Hypomania and Alcohol Use

Individuals with clinically significant Mood Disorders such as Depressive Disorder and Bipolar Disorder have long been considered to be at risk for alcohol abuse and dependence. Mood fluctuations such as those found in Bipolar Disorder are tied to substance use in multiple ways. Some with these conditions report substance use to self-medicate negative symptoms. The effects of substance use to self-medicate, however, are unpredictable, varied and can result in worsened symptoms or a free-standing Substance Use Disorder. Additionally, the more ‘pleasant’ (Piper, 2010) symptoms of Mood Disorders such as Bipolar I and Bipolar II also seem to impact patterns of substance use.

Periodic and problematic alcohol use such as binge-drinking may be an indicator that those who use alcohol this way are experiencing a type of mood instability known as hypomania. Hypomania is a type of mood problem characterized by periods of time in which one’s mood is persistently elevated, expansive or irritable over a period of several days. Hypomania is considered one of the mood stages found in Bipolar I Disorder and Bipolar II Disorder. It is a mood state that is distinctly different than the extreme mood ‘poles’ of depression or mania commonly seen in these conditions.

Researchers believe that those who have episodes of hypomania may experience a fluctuation in their drinking behaviors just as they experience a fluctuation in their moods. Individuals with hypomania may not drink consistently, but may drink more when they do drink. Over an extended period of time, for example, those whose moods fluctuate dramatically may have a significant number of abstinent days, but tend to have a widely varying pattern of use such as binge-drinking within that time. ‘Emotional binges’ and drinking binges may coincide in those with this particular type of mood instability.

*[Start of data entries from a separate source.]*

lemma adj_matrix_norm_le:
  assumes "second_eigenvalue A \<le> lam" "lam < real d"
  shows "(A *v x) \<bullet> (A *v x)
    \<le> (real d)\<^sup>2 * ((x \<bullet> 1)\<^sup>2 + (x \<bullet> side_sign)\<^sup>2) / real CARD('a) + lam\<^sup>2 * (x \<bullet> x)"
proof -
  define n where "n = real CARD('a)"
  define \<alpha> where "\<alpha> = (x \<bullet> 1) / n"
  define \<beta> where "\<beta> = (x \<bullet> side_sign) / n"
  define w where "w = x - \<alpha> *\<^sub>R 1 - \<beta> *\<^sub>R side_sign"
  have "n > 0" by (simp add: n_def)
  have orth: "1 \<bullet> side_sign = 0" "side_sign \<bullet> 1 = 0"
    by (simp_all add: inner_one_side_sign inner_commute[of side_sign])
  have w: "w \<bullet> 1 = 0" "w \<bullet> side_sign = 0"
    using \<open>n > 0\<close> orth by (simp_all add: w_def \<alpha>_def \<beta>_def n_def inner_diff_left
        inner_one_one inner_side_sign_side_sign)
  have Aw: "(A *v w) \<bullet> 1 = 0" "(A *v w) \<bullet> side_sign = 0"
    using w by (simp_all add: symmetric_matrix_inner[OF adj_matrix_symmetric]
        adj_matrix_mult_one adj_matrix_mult_side_sign)
  have x: "x = w + \<alpha> *\<^sub>R 1 + \<beta> *\<^sub>R side_sign"
    by (simp add: w_def)
  have ww: "w \<bullet> w \<le> x \<bullet> x"
    using w orth inner_orthogonal_sum_self[of w 1 side_sign \<alpha> \<beta>] by (simp flip: x)
  have Ax: "A *v x = A *v w + (\<alpha> * real d) *\<^sub>R 1 + (- \<beta> * real d) *\<^sub>R side_sign"
    by (subst x) (simp add: algebra_simps adj_matrix_mult_one adj_matrix_mult_side_sign)
  have "(A *v x) \<bullet> (A *v x) = (A *v w) \<bullet> (A *v w)
      + (\<alpha> * real d)\<^sup>2 * (1 \<bullet> (1 :: real^'a)) + (- \<beta> * real d)\<^sup>2 * (side_sign \<bullet> side_sign)"
    unfolding Ax by (rule inner_orthogonal_sum_self[OF Aw orth(1)])
  also have "\<dots> = (A *v w) \<bullet> (A *v w) + (real d)\<^sup>2 * (\<alpha>\<^sup>2 * n + \<beta>\<^sup>2 * n)"
    by (simp add: inner_one_one inner_side_sign_side_sign n_def algebra_simps)
  also have "\<dots> \<le> lam\<^sup>2 * (x \<bullet> x) + (real d)\<^sup>2 * (\<alpha>\<^sup>2 * n + \<beta>\<^sup>2 * n)"
    using adj_matrix_norm_le_orthogonal[OF assms w] mult_left_mono[OF ww, of "lam\<^sup>2"] by simp
  also have "\<alpha>\<^sup>2 * n + \<beta>\<^sup>2 * n = ((x \<bullet> 1)\<^sup>2 + (x \<bullet> side_sign)\<^sup>2) / n"
    using \<open>n > 0\<close> by (simp add: \<alpha>_def \<beta>_def power2_eq_square field_simps)
  finally show ?thesis
    by (simp add: n_def algebra_simps)
qed
(* Let $k\geq1$ and $n\geq 2k$. Let $\mathcal{S}$ be an antichain of $\mathcal{F}=\mathcal{F}_{2k}^{[1,n]}$ that contains the set $[1,2]\cup[n-2k+3,n]$. Then $B_{\mathcal{S}}$ has exactly $\binom{n-k-1}{k-1}$ facets. Equivalently, in the poset $\mathcal{P}=\{(x_1,\dots,x_k): 1\leq x_1<\dots<x_k\leq n-k\}\subseteq\mathbb{N}^k$ (ordered componentwise), if $\mathcal{A}$ is an antichain containing $G=(1,n-2k+2,n-2k+3,\dots,n-k)$, then $|\mathcal{P}(\mathcal{A})\setminus\mathcal{P}(\mathcal{A}-\mathbf{1}_k)|=|\mathcal{P}(\{G\})|=\binom{n-k-1}{k-1}$.
   Context: Notation: $[m,n]=\{m,\dots,n\}$; $2k$-subsets of $[n]$ are identified with increasing vectors, and $\leq_p$ is the componentwise order. $\mathcal{F}_{2k}^{[1,n]}$ is the set of sets $\{i_1,i_1+1,\dots,i_k,i_k+1\}$ with $1\leq i_1$, $i_k\leq n-1$, $i_j\leq i_{j+1}-2$, ordered by $\leq_p$. $\mathcal{F}(\mathcal{S})$ is the order ideal generated by an antichain $\mathcal{S}$, $B(\mathcal{S})$ the pure complex whose facets are the sets of $\mathcal{F}(\mathcal{S})$, $\mathcal{S}-\mathbf{1}_{2k}=\{x-\mathbf{1}_{2k}: x\in\mathcal{S},\min x>1\}$, and $B_{\mathcal{S}}$ is the complex generated by the facets of $B(\mathcal{S})$ that are not facets of $B(\mathcal{S}-\mathbf{1}_{2k})$. Similarly, for an antichain $\mathcal{A}$ of $\mathcal{P}$, $\mathcal{P}(\mathcal{A})$ is the order ideal it generates and $\mathcal{A}-\mathbf{1}_k=\{x-\mathbf{1}_k: x\in\mathcal{A}, x_1>1\}$. The two formulations correspond under the poset isomorphism $R:\mathcal{P}\to\mathcal{F}$, $(x_1,\dots,x_k)\mapsto\{x_1,x_1+1,x_2+1,x_2+2,\dots,x_k+k-1,x_k+k\}$. *)

theory Defs
  imports Main
begin

definition leq_p :: "nat set \<Rightarrow> nat set \<Rightarrow> bool" where
  "leq_p A B \<longleftrightarrow> card A = card B \<and>
     (\<forall>j < card A. sorted_list_of_set A ! j \<le> sorted_list_of_set B ! j)"

text \<open>The family F_{2k}^{[1,n]}: unions of k pairwise separated dominoes {i_j, i_j+1}.\<close>
definition Ffam :: "nat \<Rightarrow> nat \<Rightarrow> nat set set" where
  "Ffam k n = {(\<Union>j<k. {i j, i j + 1}) | i :: nat \<Rightarrow> nat.
      (\<forall>j<k. 1 \<le> i j \<and> i j \<le> n - 1) \<and> (\<forall>j. j + 1 < k \<longrightarrow> i j + 2 \<le> i (j + 1))}"

definition F_antichain :: "nat \<Rightarrow> nat \<Rightarrow> nat set set \<Rightarrow> bool" where
  "F_antichain k n S \<longleftrightarrow> S \<subseteq> Ffam k n \<and>
     (\<forall>A\<in>S. \<forall>B\<in>S. leq_p A B \<longrightarrow> A = B)"

definition F_ideal :: "nat \<Rightarrow> nat \<Rightarrow> nat set set \<Rightarrow> nat set set" where
  "F_ideal k n S = {A \<in> Ffam k n. \<exists>B\<in>S. leq_p A B}"

definition F_shift :: "nat set set \<Rightarrow> nat set set" where
  "F_shift S = {(\<lambda>x. x - 1) ` A | A. A \<in> S \<and> Min A > 1}"

definition gen_complex :: "nat set set \<Rightarrow> nat set set" where
  "gen_complex G = {\<sigma>. \<exists>A\<in>G. \<sigma> \<subseteq> A}"
lemma pmin_le: "i < m \<Longrightarrow> pmin \<le> p i"
  unfolding pmin_def by (intro Min_le) auto

lemma n_sum_lncosh_gap_ge:
  assumes n: "n \<ge> 1"
  shows "pmin * ((x (m - 1))\<^sup>2 - 1) / 108 \<le> real n * (\<Sum>i<m. p i * lncosh_gap (field n x i))"
proof -
  define s where "s = \<bar>x (m - 1)\<bar> * real n powr (-1/4)"
  have "s\<^sup>2 = (field_coef n (m - 1) * x (m - 1))\<^sup>2"
    using n by (simp add: s_def field_coef_def power_mult_distrib)
  also have "\<dots> \<le> (\<Sum>j<m. (field_coef n j * x j)\<^sup>2)"
    using m_pos by (intro member_le_sum) auto
  also have "\<dots> = (\<Sum>i<m. p i * (field n x i)\<^sup>2)"
    by (rule sum_p_field_sq[symmetric])
  finally have weighted: "s\<^sup>2 \<le> (\<Sum>i<m. p i * (field n x i)\<^sup>2)" .
  have "\<exists>i0<m. s\<^sup>2 \<le> (field n x i0)\<^sup>2"
  proof (rule ccontr)
    assume "\<not> ?thesis"
    then have "(field n x i)\<^sup>2 < s\<^sup>2" if "i < m" for i
      using that by (auto simp: not_le)
    then have "(\<Sum>i<m. p i * (field n x i)\<^sup>2) < (\<Sum>i<m. p i * s\<^sup>2)"
      using m_pos p_pos by (intro sum_strict_mono) (auto simp: lessThan_empty_iff)
    also have "\<dots> = s\<^sup>2"
      by (simp add: sum_distrib_right[symmetric] p_sum)
    finally show False
      using weighted by simp
  qed
  then obtain i0 where i0: "i0 < m" "s\<^sup>2 \<le> (field n x i0)\<^sup>2"
    by blast
  have "s \<le> \<bar>field n x i0\<bar>"
    using i0(2) by (simp add: s_def abs_le_square_iff[symmetric])
  then have gap: "lncosh_gap s \<le> lncosh_gap (field n x i0)"
    using lncosh_gap_mono[of s "\<bar>field n x i0\<bar>"] by (simp add: s_def)
  have "pmin * ((x (m - 1))\<^sup>2 - 1) / 108 \<le> pmin * (real n * lncosh_gap s)"
    using lncosh_gap_scaled_ge[OF n, of "x (m - 1)"] pmin_pos by (simp add: s_def mult_left_mono)
  also have "\<dots> \<le> real n * (p i0 * lncosh_gap (field n x i0))"
    using pmin_le[OF i0(1)] gap lncosh_gap_nonneg[of s] pmin_pos
    by (simp add: mult.left_commute mult_mono)
  also have "\<dots> \<le> real n * (\<Sum>i<m. p i * lncosh_gap (field n x i))"
    using i0(1) p_pos lncosh_gap_nonneg by (intro mult_left_mono member_le_sum) auto
  finally show ?thesis .
qed

definition decay :: "nat \<Rightarrow> real" where
  "decay j = (if j = m - 1 then pmin / 108 else (lam j - (lam j)\<^sup>2) / 2)"

definition dominating :: "(nat \<Rightarrow> real) \<Rightarrow> real" where
  "dominating x = exp (pmin / 108 - (\<Sum>j<m. decay j * (x j)\<^sup>2))"

lemma decay_pos: "j < m \<Longrightarrow> 0 < decay j"
  using pmin_pos lam_bounds by (auto simp: decay_def power2_eq_square algebra_simps)

lemma hs_density_le_dominating:
  assumes "n \<ge> 1" shows "hs_density n x \<le> dominating x"
proof -
  have "(\<Sum>j<m. decay j * (x j)\<^sup>2)
      = (1/2) * (\<Sum>j<m-1. (lam j - (lam j)\<^sup>2) * (x j)\<^sup>2) + pmin / 108 * (x (m - 1))\<^sup>2"
    unfolding lessThan_m_split by (simp add: decay_def sum_distrib_left sum_divide_distrib)
  then show ?thesis
    using n_sum_lncosh_gap_ge[OF assms, of x]
    by (simp add: hs_density_def dominating_def right_diff_distrib diff_divide_distrib)
qed

lemma integrable_dominating: "integrable (Rm m) dominating"
proof -
  interpret L: product_sigma_finite "\<lambda>_. lborel :: real measure"
    by (intro product_sigma_finite.intro sigma_finite_lborel)
  have "dominating x = exp (pmin / 108) * exp (\<Sum>j<m. - decay j * (x j)\<^sup>2)" for x
    by (simp add: dominating_def sum_negf flip: exp_add)
  then have "dominating = (\<lambda>x. exp (pmin / 108) * (\<Prod>j<m. exp (- decay j * (x j)\<^sup>2)))"
    by (simp add: exp_sum fun_eq_iff)
  then show ?thesis
    unfolding Rm_def using decay_pos
    by (simp only:) (intro integrable_mult_right L.product_integrable_prod integrable_exp_neg_square, auto)
qed

lemma continuous_on_limit_density: "continuous_on S (limit_density m p lam V)"
  unfolding limit_density_def [abs_def] by (intro continuous_intros) (use p_pos in auto)

lemma integrable_limit_density: "integrable (Rm m) (limit_density m p lam V)"
proof (rule Bochner_Integration.integrable_bound[OF integrable_dominating])
  show "limit_density m p lam V \<in> borel_measurable (Rm m)"
    by (intro borel_measurable_continuous_on_Rm continuous_on_limit_density)
  have "limit_density m p lam V x \<le> dominating x" for x
    using hs_density_le_dominating by (intro LIMSEQ_le_const2[OF hs_density_tendsto]) auto
  then show "AE x in Rm m. norm (limit_density m p lam V x) \<le> norm (dominating x)"
    by (intro AE_I2) (simp add: limit_density_def dominating_def)
qed

lemma integral_limit_density_pos: "0 < (\<integral>x. limit_density m p lam V x \<partial>Rm m)"
proof -
  have "emeasure (Rm m) (space (Rm m)) \<noteq> 0"
  proof -
    interpret L: product_sigma_finite "\<lambda>_. lborel :: real measure"
      by (intro product_sigma_finite.intro sigma_finite_lborel)
    have "emeasure (Rm m) (PiE {..<m} (\<lambda>_. {0..1})) = 1"
      unfolding Rm_def by (subst L.emeasure_PiM) auto
    moreover have "emeasure (Rm m) (PiE {..<m} (\<lambda>_. {0..1})) \<le> emeasure (Rm m) (space (Rm m))"
      by (rule emeasure_space)
    ultimately show ?thesis
      by auto
  qed
  moreover have pos: "0 < limit_density m p lam V x" for x
    by (simp add: limit_density_def)
  then have nonneg: "AE x in Rm m. 0 \<le> limit_density m p lam V x"
    by (simp add: less_imp_le)
  have "(\<integral>x. limit_density m p lam V x \<partial>Rm m) \<noteq> 0"
  proof
    assume "(\<integral>x. limit_density m p lam V x \<partial>Rm m) = 0"
    then have "AE x in Rm m. False"
      using integral_nonneg_eq_0_iff_AE[OF integrable_limit_density nonneg] pos
      by (auto elim: AE_mp intro!: AE_I2 simp: less_le)
    then show False
      using \<open>emeasure (Rm m) (space (Rm m)) \<noteq> 0\<close> by (simp add: AE_iff_measurable[OF _ refl])
  qed
  then show ?thesis
    using integral_nonneg_AE[OF nonneg] by simp
qed

lemma conv_in_distribution_hs_density:
  "conv_in_distribution sequentially m
     (\<lambda>n. density (Rm m) (\<lambda>x. ennreal (hs_density n x / (\<integral>y. hs_density n y \<partial>Rm m))))
     (limit_measure m p lam V)"
  unfolding limit_measure_def
proof (rule conv_in_distribution_normalized_density[OF _ _ _ _ integrable_dominating])
  show "\<forall>\<^sub>F n in sequentially. \<forall>x\<in>space (Rm m). hs_density n x \<le> dominating x"
    using hs_density_le_dominating eventually_sequentiallyI[of 1] by auto
qed (use integral_limit_density_pos hs_density_tendsto continuous_on_hs_density continuous_on_limit_density
      in \<open>auto intro: borel_measurable_continuous_on_Rm simp: hs_density_def\<close>)

end
(* Suppose Assumption 1 holds. Let $x\in\operatorname{dom}\psi$, let $H$ be a symmetric matrix with $\lambda_{\min}(H)=\sigma>0$, and let $d$ satisfy the $\eta$-inexactness condition for $Q^x_H$ for some $\eta\in[0,1)$. Then, with $\Delta \coloneqq \nabla f(x)^Td + \psi(x+d)-\psi(x)$, $$\Delta \le -\frac{1}{1+\sqrt\eta}\, d^THd \le -\frac{\sigma}{1+\sqrt\eta}\|d\|^2.$$ Moreover, for any $\beta,\gamma\in(0,1)$ the backtracking procedure that returns $\alpha=\beta^i$ for the smallest nonnegative integer $i$ with $F(x+\alpha d)\le F(x)+\alpha\gamma\Delta$ terminates after finitely many steps and $$\alpha\ge \bar\alpha\coloneqq \min\left\{1,\ \frac{2\beta(1-\gamma)\sigma}{L(1+\sqrt\eta)}\right\}.$$
   Context: Problem setting: $F(x)=f(x)+\psi(x)$ on $\mathbb{R}^n$. Assumption 1: $f:\mathbb{R}^n\to\mathbb{R}$ is differentiable with $L$-Lipschitz continuous gradient for some $L>0$; $\psi:\mathbb{R}^n\to\mathbb{R}\cup\{+\infty\}$ is convex, proper and closed; $F$ is bounded below; and the solution set $\Omega=\{x: F(x)=F^*\}$, $F^*=\inf F$, is nonempty. For $x\in\mathbb{R}^n$ and a symmetric matrix $H$, $Q^x_H(d) \coloneqq \nabla f(x)^T d + \frac12 d^T H d + \psi(x+d) - \psi(x)$ (so $Q^x_H(0)=0$) and $Q^*\coloneqq\inf_d Q^x_H(d)$. A vector $d$ satisfies the $\eta$-inexactness condition (for $Q=Q^x_H$) if $Q(d)-Q^*\le \eta(Q(0)-Q^* )$, equivalently $Q(d)\le(1-\eta)Q^*$. $\lambda_{\min}(H)$ denotes the smallest eigenvalue of $H$. *)

theory Defs
  imports "HOL-Analysis.Analysis"
begin

definition dom_fun :: "('a \<Rightarrow> ereal) \<Rightarrow> 'a set" where
  "dom_fun g = {x. g x < \<infinity>}"

definition ext_convex :: "('a::real_vector \<Rightarrow> ereal) \<Rightarrow> bool" where
  "ext_convex g \<longleftrightarrow> (\<forall>x y (t::real). 0 \<le> t \<and> t \<le> 1 \<longrightarrow>
      g ((1 - t) *\<^sub>R x + t *\<^sub>R y) \<le> ereal (1 - t) * g x + ereal t * g y)"

definition ext_proper :: "('a \<Rightarrow> ereal) \<Rightarrow> bool" where
  "ext_proper g \<longleftrightarrow> (\<forall>x. g x \<noteq> -\<infinity>) \<and> dom_fun g \<noteq> {}"

definition ext_closed :: "('a::topological_space \<Rightarrow> ereal) \<Rightarrow> bool" where
  "ext_closed g \<longleftrightarrow> closed {(x, r::real). g x \<le> ereal r}"

definition lambda_min :: "real^'n^'n \<Rightarrow> real" where
  "lambda_min H = Min {l. \<exists>v. v \<noteq> 0 \<and> H *v v = l *\<^sub>R v}"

Hypomania is a non-depressed state with similarities to mania. It is not, however, as severe as mania which can lead to the need for emergency psychiatric treatment. While hypomania typically tends toward mania in increased energy and increased activity, it is not severe enough to cause the type of impairment in social or occupational functioning that mania does. Hypomania does not require hospitalization and does not have psychotic features. A manic episode on the other hand may require hospitalization for protection and medical stabilization and may also involve hallucinations and/or delusions.

The symptoms of hypomania include the following:

  • an inflated self-esteem or grandiosity
  • an inflated sense of well-being
  • a decreased need for sleep
  • increased talking
  • racing thoughts
  • increased activity
  • increased pleasure-seeking

While those who experience hypomania can observe the symptoms in themselves, others note a change in those who have a hypomanic episode as well. The symptoms listed above are clearly present and observable by others who share a social or work setting with the affected individual and are mark a distinct change in usual functioning.

Hypomanic episodes may alternate with periods of depression to create significant distress or impairment in one’s ability to function socially, occupationally or in some other important area of life functioning. This occurs in Bipolar II Disorder, a mood disorder which can range from mild to severe in the effects upon one’s ability to function well over an extended period. Bipolar II Disorder is characterized by fluctuations in mood from depression to hypomania which occur over a period of time. Unlike Bipolar I Disorder, the extremes of mood fluctuations do not include mania in Bipolar II. The depressive symptoms in Bipolar II, however, can be severe and debilitating, requiring treatment. Those who have Bipolar II Disorder tend to view the hypomanic episodes as a positive period of relief from depression. These periods of hypomania, may, however, have their own negative consequences for those who use substances.